* _To do_: All entries are to be retyped without alteration.

[Saved data entries]

lemma unbounded_if_eventually_in_image:
  fixes \<phi> :: "real \<Rightarrow> real"
  assumes "filterlim \<phi> at_top at_top" "eventually (\<lambda>x. \<phi> x \<in> \<Phi> ` S) at_top"
  shows "\<exists>u\<in>S. t \<le> \<Phi> u"
proof -
  have "eventually (\<lambda>x. t \<le> \<phi> x \<and> \<phi> x \<in> \<Phi> ` S) at_top"
    using assms by (simp add: filterlim_at_top eventually_conj)
  then obtain x where "t \<le> \<phi> x" "\<phi> x \<in> \<Phi> ` S"
    unfolding eventually_at_top_linorder by blast
  then show ?thesis by auto
qed

lemma atLeast_subset_image_if_unbounded:
  fixes \<Phi> :: "real \<Rightarrow> real"
  assumes "continuous_on {xbar..} \<Phi>" and "\<And>t. \<exists>u\<in>{xbar..}. t \<le> \<Phi> u"
  shows "{\<Phi> xbar..} \<subseteq> \<Phi> ` {xbar..}"
proof
  fix t assume "t \<in> {\<Phi> xbar..}"
  obtain u where u: "xbar \<le> u" "t \<le> \<Phi> u" using assms(2) by auto
  have "continuous_on {xbar..u} \<Phi>" using assms(1) by (rule continuous_on_subset) auto
  from IVT'[of \<Phi> xbar t u, OF _ u(2) u(1) this] \<open>t \<in> {\<Phi> xbar..}\<close>
  show "t \<in> \<Phi> ` {xbar..}" by auto
qed

lemma Phi_inv_inverse:
  assumes "inj_on \<Phi> {xbar..}" "t \<in> \<Phi> ` {xbar..}"
  shows "xbar \<le> Phi_inv \<Phi> xbar t" "\<Phi> (Phi_inv \<Phi> xbar t) = t"
  using the_inv_into_into[OF assms order_refl] f_the_inv_into_f[OF assms]
  by (auto simp: Phi_inv_def)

* _Result of this exercise_:
lemma unbounded_if_eventually_in_image:
  fixes \<phi> :: "real \<Rightarrow> real"
  assumes "filterlim \<phi> at_top at_top" "eventually (\<lambda>x. \<phi> x \<in> \<Phi> ` S) at_top"
  shows "\<exists>u\<in>S. t \<le> \<Phi> u"
proof -
  have "eventually (\<lambda>x. t \<le> \<phi> x \<and> \<phi> x \<in> \<Phi> ` S) at_top"
    using assms by (simp add: filterlim_at_top eventually_conj)
  then obtain x where "t \<le> \<phi> x" "\<phi> x \<in> \<Phi> ` S"
    unfolding eventually_at_top_linorder by blast
  then show ?thesis by auto
qed

lemma atLeast_subset_image_if_unbounded:
  fixes \<Phi> :: "real \<Rightarrow> real"
  assumes "continuous_on {xbar..} \<Phi>" and "\<And>t. \<exists>u\<in>{xbar..}. t \<le> \<Phi> u"
  shows "{\<Phi> xbar..} \<subseteq> \<Phi> ` {xbar..}"
proof
  fix t assume "t \<in> {\<Phi> xbar..}"
  obtain u where u: "xbar \<le> u" "t \<le> \<Phi> u" using assms(2) by auto
  have "continuous_on {xbar..u} \<Phi>" using assms(1) by (rule continuous_on_subset) auto
  from IVT'[of \<Phi> xbar t u, OF _ u(2) u(1) this] \<open>t \<in> {\<Phi> xbar..}\<close>
  show "t \<in> \<Phi> ` {xbar..}" by auto
qed

lemma Phi_inv_inverse:
  assumes "inj_on \<Phi> {xbar..}" "t \<in> \<Phi> ` {xbar..}"
  shows "xbar \<le> Phi_inv \<Phi> xbar t" "\<Phi> (Phi_inv \<Phi> xbar t) = t"
  using the_inv_into_into[OF assms order_refl] f_the_inv_into_f[OF assms]
  by (auto simp: Phi_inv_def)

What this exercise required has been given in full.